§ Task item
Identify each line in the records below that contains the word "words", and copy it.

● ● ● ● ● ● ●

(* Let $S$ be the free semigroup on countably many generators, enumerated as $\vec{s}=(s_n)_{n\in\omega}$. Every very strongly productive ultrafilter on $S$ is multiplicatively isomorphic to an ordered union ultrafilter, and hence is sparse.
   Context: For a sequence $\vec{x}=(x_n)_{n\in\omega}$ in $S$, $\mathrm{FP}(\vec{x})$ is the set of products $\prod_{i\in a}x_i$ (increasing order of indices), $a$ a finite nonempty subset of $\omega$. A sequence $\vec{y}$ is a product subsystem of $\vec{x}$ if there are finite nonempty $a_n\subseteq\omega$ with $\max a_n<\min a_{n+1}$ and $y_n=\prod_{i\in a_n}x_i$ for all $n$. An ultrafilter $p$ on $S$ is very strongly productive if every $A\in p$ contains some $\mathrm{FP}(\vec{x})\in p$ with $\vec{x}$ a product subsystem of $\vec{s}$. $\mathbb{F}$ is the partial semigroup of finite nonempty subsets of $\omega$ with $ab=a\cup b$ defined iff $\max a<\min b$; an ordered union ultrafilter is an ultrafilter $\mathcal{U}$ on $\mathbb{F}$ such that every member contains some $\mathrm{FP}(\vec{b})\in\mathcal{U}$ for a sequence $\vec{b}$ in $\mathbb{F}$ with $\max b_i<\min b_{i+1}$. $p$ is multiplicatively isomorphic to an ordered union ultrafilter if for some sequence $\vec{x}$ in $S$ the map $f:\mathbb{F}\to\mathrm{FP}(\vec{x})$, $f(a)=\prod_{i\in a}x_i$, is injective and $\{f^{-1}[A]:A\in p\}$ is an ordered union ultrafilter. $p$ is sparse if for every $A\in p$ there are a sequence $\vec{x}$ in $S$ and a subsequence $\vec{y}=(x_{k_n})_n$ ($k_0<k_1<\cdots$) with $\mathrm{FP}(\vec{y})\in p$, $\mathrm{FP}(\vec{x})\subseteq A$, and $\{k_n:n\in\omega\}$ coinfinite in $\omega$. *)

theory Defs
  imports Main
begin

text \<open>Elements of S are nonempty words over the alphabet nat; the semigroup
operation is concatenation. The generators are the one-letter words s n = [n].\<close>

definition FS :: "nat list set" where
  "FS = {w. w \<noteq> []}"

definition gen :: "nat \<Rightarrow> nat list" where
  "gen n = [n]"

definition fprod :: "(nat \<Rightarrow> nat list) \<Rightarrow> nat set \<Rightarrow> nat list" where
  "fprod x a = concat (map x (sorted_list_of_set a))"

definition FinNE :: "nat set set" where
  "FinNE = {a. finite a \<and> a \<noteq> {}}"

definition FP :: "(nat \<Rightarrow> nat list) \<Rightarrow> nat list set" where
  "FP x = {fprod x a | a. a \<in> FinNE}"

definition product_subsystem :: "(nat \<Rightarrow> nat list) \<Rightarrow> (nat \<Rightarrow> nat list) \<Rightarrow> bool" where
  "product_subsystem y x \<longleftrightarrow>
     (\<exists>a :: nat \<Rightarrow> nat set. (\<forall>n. a n \<in> FinNE \<and> Max (a n) < Min (a (Suc n)) \<and> y n = fprod x (a n)))"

● ● ● ● ● ● ●

§ Task result
text \<open>Elements of S are nonempty words over the alphabet nat; the semigroup
operation is concatenation. The generators are the one-letter words s n = [n].\<close>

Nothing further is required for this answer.